The issue at hand involves two individuals of opposite sex sharing a common living arrangement with a sexually intimate relationship devoid of any approval or sanction from the church or the state. This practice, increasingly common in today's society, stands in stark contrast to the biblical understanding of marriage and sexual purity.
The Rise of Cohabitation: A Statistical Overview
To grasp the magnitude of this shift, consider the following data on cohabitation in the United States:
  • 1960s: Less than 1% (approximately 430,000 cohabiting couples)
  • 1970s: Approximately 1.5% by the late 1970s (about 1.5 million cohabiting couples)
  • 1980s: 3% by early 1980s; 5% by late 1980s (around 5 million cohabiting couples)
  • 1990s: 6% by 1990; nearly 10% by late 1990s (approximately 9.8 million cohabiting couples)
  • 2000s: 12% by 2010 (about 14 million cohabiting couples)
  • 2010s: 15-18% by late 2010s (around 18 million cohabiting couples)
  • 2020s: 20% by early 2020s (roughly 20 million cohabiting couples)
Several factors have contributed to this increase, including changing social norms, economic factors, delaying marriage, higher divorce rates, and cultural shifts advocating for individual rights and choices.
This analysis uses data from the U.S. Census Bureau, Pew Research Center, and various sociological studies on family and marriage trends.
Risks of Living Together Unmarried
Living together unmarried poses significant risks, not just relationally but also spiritually and emotionally. Research indicates that couples who cohabit before marriage have a 50% greater chance of getting divorced once married. Despite the common belief that cohabitation serves as a "trial run" for marriage, data suggests otherwise. Cohabitation increases the risk of premarital sexual experiences, which in turn raises the stakes for later unfaithfulness in marriage.
God demands holiness from His creatures and their culture.

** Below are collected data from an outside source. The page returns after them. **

(* Let $R=\mathsf{k}\{x,y\}$, $\mathfrak{D}=\mathsf{k}_{DP}[X,Y]$, $S=\mathsf{k}\{x,y,z,w\}$, $\mathfrak{E}=\mathsf{k}_{DP}[X,Y,Z,W]$. Let $G=g+g_{13}$ with $g\in\mathfrak{D}_{14}$ homogeneous of degree $14$ and $g_{13}\in\mathfrak{E}$ homogeneous of degree $13$, let $B=S/\operatorname{Ann}_S G$, and assume $$H_B(0)=(1,2,3,4,5,6,7,8,7,6,5,4,3,2,1),\qquad H_B(1)=(0,2,4,6,4,2,0,0,2,4,6,4,2,0).$$ Then $H_B(2)_6\ge 4$.
   Context: $\mathsf{k}$ is a field; $S$ acts on $\mathfrak{E}$ by contraction ($x^{\alpha}\circ X^{[\beta]}=X^{[\beta-\alpha]}$ if $\beta\ge\alpha$ componentwise, $0$ otherwise). For $G$ of degree $j$, $B=S/\operatorname{Ann}_S G$ is Artinian Gorenstein of socle degree $j$ with maximal ideal $\mathfrak{m}_B$; $C_B(u)$ is the ideal of $B^*=\bigoplus_i\mathfrak{m}_B^i/\mathfrak{m}_B^{i+1}$ whose degree-$i$ part is the image of $\mathfrak{m}_B^i\cap(0:\mathfrak{m}_B^{\,j+1-u-i})$, and $H_B(u)_i=\dim_{\mathsf{k}}\big(C_B(u)/C_B(u+1)\big)_i$. *)

theory Defs
  imports Main
begin

text \<open>Monomials / exponent vectors in four variables x,y,z,w (resp. X,Y,Z,W).
  The first two coordinates are x,y (resp. X,Y).\<close>
type_synonym mon = "nat \<times> nat \<times> nat \<times> nat"

definition madd :: "mon \<Rightarrow> mon \<Rightarrow> mon" where
  "madd a b = (case a of (a1,a2,a3,a4) \<Rightarrow> case b of (b1,b2,b3,b4) \<Rightarrow>
     (a1+b1, a2+b2, a3+b3, a4+b4))"

definition msub :: "mon \<Rightarrow> mon \<Rightarrow> mon" where
  "msub a b = (case a of (a1,a2,a3,a4) \<Rightarrow> case b of (b1,b2,b3,b4) \<Rightarrow>
     (a1-b1, a2-b2, a3-b3, a4-b4))"

definition mle :: "mon \<Rightarrow> mon \<Rightarrow> bool" where
  "mle a b = (case a of (a1,a2,a3,a4) \<Rightarrow> case b of (b1,b2,b3,b4) \<Rightarrow>
     a1 \<le> b1 \<and> a2 \<le> b2 \<and> a3 \<le> b3 \<and> a4 \<le> b4)"

definition mdeg :: "mon \<Rightarrow> nat" where
  "mdeg a = (case a of (a1,a2,a3,a4) \<Rightarrow> a1+a2+a3+a4)"

text \<open>Elements of S = k{x,y,z,w} are formal power series, i.e. coefficient functions
  mon => k.  Elements of the divided power ring E = k_DP[X,Y,Z,W] are coefficient
  functions (w.r.t. the basis X^[beta]) with finite support.\<close>

definition dp_poly :: "(mon \<Rightarrow> 'k::field) \<Rightarrow> bool" where
  "dp_poly G \<longleftrightarrow> finite {b. G b \<noteq> 0}"

definition dp_homog :: "nat \<Rightarrow> (mon \<Rightarrow> 'k::field) \<Rightarrow> bool" where
  "dp_homog d G \<longleftrightarrow> dp_poly G \<and> (\<forall>b. G b \<noteq> 0 \<longrightarrow> mdeg b = d)"

definition in_D :: "(mon \<Rightarrow> 'k::field) \<Rightarrow> bool" where
  "in_D G \<longleftrightarrow> dp_poly G \<and> (\<forall>a b c d. G (a,b,c,d) \<noteq> 0 \<longrightarrow> c = 0 \<and> d = 0)"

definition dp_deg :: "(mon \<Rightarrow> 'k::field) \<Rightarrow> nat" where
  "dp_deg G = Max (mdeg ` {b. G b \<noteq> 0})"

text \<open>Contraction: x^alpha o X^[beta] = X^[beta - alpha] if alpha <= beta, else 0,
  extended bilinearly: the coefficient of X^[gamma] in f o G is
  sum over beta >= gamma of f_(beta-gamma) * G_beta.\<close>
definition contract :: "(mon \<Rightarrow> 'k::field) \<Rightarrow> (mon \<Rightarrow> 'k) \<Rightarrow> (mon \<Rightarrow> 'k)" where
  "contract f G = (\<lambda>c. \<Sum>b\<in>{b. G b \<noteq> 0 \<and> mle c b}. f (msub b c) * G b)"

definition smult_ser :: "(mon \<Rightarrow> 'k::field) \<Rightarrow> (mon \<Rightarrow> 'k) \<Rightarrow> (mon \<Rightarrow> 'k)" where
  "smult_ser f g = (\<lambda>c. \<Sum>a\<in>{a. mle a c}. f a * g (msub c a))"

definition ssum :: "(mon \<Rightarrow> 'k::field) set \<Rightarrow> (mon \<Rightarrow> 'k) set \<Rightarrow> (mon \<Rightarrow> 'k) set" where
  "ssum A B = {(\<lambda>c. a c + b c) | a b. a \<in> A \<and> b \<in> B}"

definition ann :: "(mon \<Rightarrow> 'k::field) \<Rightarrow> (mon \<Rightarrow> 'k) set" where
  "ann G = {f. contract f G = (\<lambda>_. 0)}"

The Scriptures are clear on this, emphasizing the sanctity of marriage and the call to purity:
  • Genesis 2:24 - "That is why a man leaves his father and mother and is united to his wife, and they become one flesh."
  • Exodus 22:16 - "If a man seduces a virgin who is not betrothed and lies with her, he shall give the bride-price for her and make her his wife."
  • Acts 15:20 - "Instead we should write to them, telling them to abstain from food polluted by idols, from sexual immorality, from the meat of strangled animals and from blood."
  • 1 Corinthians 6:9, 13, 18 - "Or do you not know that wrongdoers will not inherit the kingdom of God? Do not be deceived: Neither the sexually immoral nor idolaters nor adulterers nor men who have sex with men... The body, however, is not meant for sexual immorality but for the Lord, and the Lord for the body... Flee from sexual immorality. All other sins a person commits are outside the body, but whoever sins sexually, sins against their own body."
  • Galatians 5:19 - "The acts of the flesh are obvious: sexual immorality, impurity and debauchery."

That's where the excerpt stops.